# WHAT YOU NEED TO DO
Lines from the line with "every ascent climbs" to the line with "using fin by (rule card_image_le)" in the entries below, and only those, must be output exactly, with both ends included.

# PROVIDED INFORMATION
(* Let $\mathbf B_n$ be the $n$-th Bell number. Then $\lim_{n\to\infty}\mathbf B_n/\alpha_n(12\text{-}34)=0$.
   Context: A permutation $\pi=\pi_1\cdots\pi_n$ of $\{1,\dots,n\}$ contains the generalized pattern $12\text{-}34$ if there are indices $i<j$ with $i+1<j$ such that $\pi_i<\pi_{i+1}<\pi_j<\pi_{j+1}$; otherwise it avoids it. $\alpha_n(12\text{-}34)$ is the number of permutations of $\{1,\dots,n\}$ avoiding $12\text{-}34$. The Bell number $\mathbf B_n$ is the number of set partitions of an $n$-element set. *)

theory Defs
  imports Complex_Main "HOL-Library.Disjoint_Sets"
begin

definition bell :: "nat \<Rightarrow> nat" where
  "bell n = card {P. partition_on {1..n} P}"

text \<open>Permutations of {1..n} in one-line notation, as lists (0-indexed positions).\<close>
definition perms :: "nat \<Rightarrow> nat list set" where
  "perms n = {p. distinct p \<and> set p = {1..n}}"

definition contains_12_34 :: "nat list \<Rightarrow> bool" where
  "contains_12_34 p \<longleftrightarrow> (\<exists>i j. i + 1 < j \<and> j + 1 < length p \<and>
      p ! i < p ! (i + 1) \<and> p ! (i + 1) < p ! j \<and> p ! j < p ! (j + 1))"

definition alpha_12_34 :: "nat \<Rightarrow> nat" where
  "alpha_12_34 n = card {p \<in> perms n. \<not> contains_12_34 p}"

end

theory Submission
  imports Defs "HOL-Combinatorics.Multiset_Permutations"
begin

(* Splitting off the block that contains the largest element gives
   B(n+1) <= sum_k C(n,k) B(n-k), and every nonnegative sequence obeying this recurrence
   is O(n!/c^n) for each c > 0, since sum_k c^k/k! <= e^c is eventually below (n+1)/c.
   Conversely, interleaving any arrangement of the small values 1..ceil(n/2) (at even
   positions) with any arrangement of the large ones (at odd positions) avoids 12-34:
   every ascent climbs from a small to a large value, so the top of one ascent exceeds
   the bottom of any later ascent. Hence alpha_n >= ceil(n/2)! floor(n/2)! >= n!/2^n,
   and with c = 4 the ratio B_n/alpha_n is O(2^-n). *)

lemma partition_on_split_block:
  assumes P: "partition_on A P" and a: "a \<in> A"
  obtains S Q where "S \<subseteq> A - {a}" "partition_on (A - {a} - S) Q" "P = insert (insert a S) Q"
proof -
  obtain B where B: "B \<in> P" "a \<in> B" using P a partition_onD1 by blast
  have "disjnt B (\<Union>(P - {B}))"
    using P B unfolding partition_on_def disjoint_def disjnt_def by blast
  moreover have P_eq: "P = insert B (P - {B})" using B by blast
  ultimately have "partition_on (A - B) (P - {B})" "B \<subseteq> A"
    using P partition_on_insert by metis+
  moreover have "A - B = A - {a} - (B - {a})" and "insert a (B - {a}) = B" using B by blast+
  ultimately show thesis using P_eq by (intro that[of "B - {a}" "P - {B}"]) auto
qed

lemma card_partition_on_le_sum:
  assumes "finite A" "a \<in> A"
  shows "card {P. partition_on A P}
           \<le> (\<Sum>S\<in>Pow (A - {a}). card {Q. partition_on (A - {a} - S) Q})"
proof -
  let ?\<Sigma> = "SIGMA S:Pow (A - {a}). {Q. partition_on (A - {a} - S) Q}"
  have fin: "finite ?\<Sigma>"
    using assms by (auto intro!: finite_SigmaI finitely_many_partition_on)
  have "{P. partition_on A P} \<subseteq> (\<lambda>(S, Q). insert (insert a S) Q) ` ?\<Sigma>"
  proof
    fix P assume "P \<in> {P. partition_on A P}"
    then obtain S Q where "S \<subseteq> A - {a}" "partition_on (A - {a} - S) Q" "P = insert (insert a S) Q"
      using partition_on_split_block[OF _ assms(2)] by blast
    then show "P \<in> (\<lambda>(S, Q). insert (insert a S) Q) ` ?\<Sigma>"
      by (intro image_eqI[where x = "(S, Q)"]) auto
  qed
  then have "card {P. partition_on A P} \<le> card ((\<lambda>(S, Q). insert (insert a S) Q) ` ?\<Sigma>)"
    using fin by (intro card_mono) auto
  also have "\<dots> \<le> card ?\<Sigma>"
    using fin by (rule card_image_le)
  also have "\<dots> = (\<Sum>S\<in>Pow (A - {a}). card {Q. partition_on (A - {a} - S) Q})"
    using assms by (simp add: finitely_many_partition_on)
  finally show ?thesis .
qed

lemma card_partition_on_le_inj_image:
  assumes "finite A" "inj_on f A"
  shows "card {P. partition_on A P} \<le> card {P. partition_on (f ` A) P}"
proof (rule card_inj_on_le)
  have "inj_on ((`) ((`) f)) (Pow (Pow A))"
    using assms(2) by (intro inj_on_image_Pow)
  then show "inj_on ((`) ((`) f)) {P. partition_on A P}"
    by (rule inj_on_subset) (auto simp: partition_on_def)
  show "(`) ((`) f) ` {P. partition_on A P} \<subseteq> {P. partition_on (f ` A) P}"
  proof clarify
    fix P assume P: "partition_on A P"
    then have "(`) f ` P - {{}} = (`) f ` P"
      using partition_onD3 by fastforce
    then show "partition_on (f ` A) ((`) f ` P)"
      using partition_on_inj_image[OF P assms(2)] by simp
  qed
  show "finite {P. partition_on (f ` A) P}"
    using assms(1) by (simp add: finitely_many_partition_on)
qed

lemma card_partition_on_bij_betw:
  assumes "finite A" "bij_betw f A B"
  shows "card {P. partition_on A P} = card {P. partition_on B P}"
proof (rule antisym)
  show "card {P. partition_on A P} \<le> card {P. partition_on B P}"
    using assms card_partition_on_le_inj_image[of A f] by (simp add: bij_betw_def)
  have "bij_betw (inv_into A f) B A" "finite B"
    using assms by (auto simp: bij_betw_inv_into bij_betw_finite)
  then show "card {P. partition_on B P} \<le> card {P. partition_on A P}"
    using card_partition_on_le_inj_image[of B "inv_into A f"] by (simp add: bij_betw_def)
qed

lemma card_partition_on_eq_bell:
  assumes "finite A"
  shows "card {P. partition_on A P} = bell (card A)"
proof -
  obtain h where "bij_betw h {1..card A} A"
    using ex_bij_betw_nat_finite_1[OF assms] by blast
  then show ?thesis
    unfolding bell_def by (simp add: card_partition_on_bij_betw)
qed

lemma sum_Pow_card:
  fixes h :: "nat \<Rightarrow> 'a::comm_semiring_1"
  assumes "finite A"
  shows "(\<Sum>S\<in>Pow A. h (card S)) = (\<Sum>k\<le>card A. of_nat (card A choose k) * h k)"
proof -
  have "(\<Sum>S\<in>Pow A. h (card S)) = (\<Sum>k\<le>card A. \<Sum>S\<in>{S \<in> Pow A. card S = k}. h (card S))"
    using assms by (intro sum.group[symmetric]) (auto intro: card_mono)
  also have "\<dots> = (\<Sum>k\<le>card A. \<Sum>S\<in>{S. S \<subseteq> A \<and> card S = k}. h k)"
    by (intro sum.cong) auto
  also have "\<dots> = (\<Sum>k\<le>card A. of_nat (card A choose k) * h k)"
    using n_subsets[OF assms] by simp
  finally show ?thesis .
qed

# RESULT OF THIS TASK
   every ascent climbs from a small to a large value, so the top of one ascent exceeds
   the bottom of any later ascent. Hence alpha_n >= ceil(n/2)! floor(n/2)! >= n!/2^n,
   and with c = 4 the ratio B_n/alpha_n is O(2^-n). *)

lemma partition_on_split_block:
  assumes P: "partition_on A P" and a: "a \<in> A"
  obtains S Q where "S \<subseteq> A - {a}" "partition_on (A - {a} - S) Q" "P = insert (insert a S) Q"
proof -
  obtain B where B: "B \<in> P" "a \<in> B" using P a partition_onD1 by blast
  have "disjnt B (\<Union>(P - {B}))"
    using P B unfolding partition_on_def disjoint_def disjnt_def by blast
  moreover have P_eq: "P = insert B (P - {B})" using B by blast
  ultimately have "partition_on (A - B) (P - {B})" "B \<subseteq> A"
    using P partition_on_insert by metis+
  moreover have "A - B = A - {a} - (B - {a})" and "insert a (B - {a}) = B" using B by blast+
  ultimately show thesis using P_eq by (intro that[of "B - {a}" "P - {B}"]) auto
qed

lemma card_partition_on_le_sum:
  assumes "finite A" "a \<in> A"
  shows "card {P. partition_on A P}
           \<le> (\<Sum>S\<in>Pow (A - {a}). card {Q. partition_on (A - {a} - S) Q})"
proof -
  let ?\<Sigma> = "SIGMA S:Pow (A - {a}). {Q. partition_on (A - {a} - S) Q}"
  have fin: "finite ?\<Sigma>"
    using assms by (auto intro!: finite_SigmaI finitely_many_partition_on)
  have "{P. partition_on A P} \<subseteq> (\<lambda>(S, Q). insert (insert a S) Q) ` ?\<Sigma>"
  proof
    fix P assume "P \<in> {P. partition_on A P}"
    then obtain S Q where "S \<subseteq> A - {a}" "partition_on (A - {a} - S) Q" "P = insert (insert a S) Q"
      using partition_on_split_block[OF _ assms(2)] by blast
    then show "P \<in> (\<lambda>(S, Q). insert (insert a S) Q) ` ?\<Sigma>"
      by (intro image_eqI[where x = "(S, Q)"]) auto
  qed
  then have "card {P. partition_on A P} \<le> card ((\<lambda>(S, Q). insert (insert a S) Q) ` ?\<Sigma>)"
    using fin by (intro card_mono) auto
  also have "\<dots> \<le> card ?\<Sigma>"
    using fin by (rule card_image_le)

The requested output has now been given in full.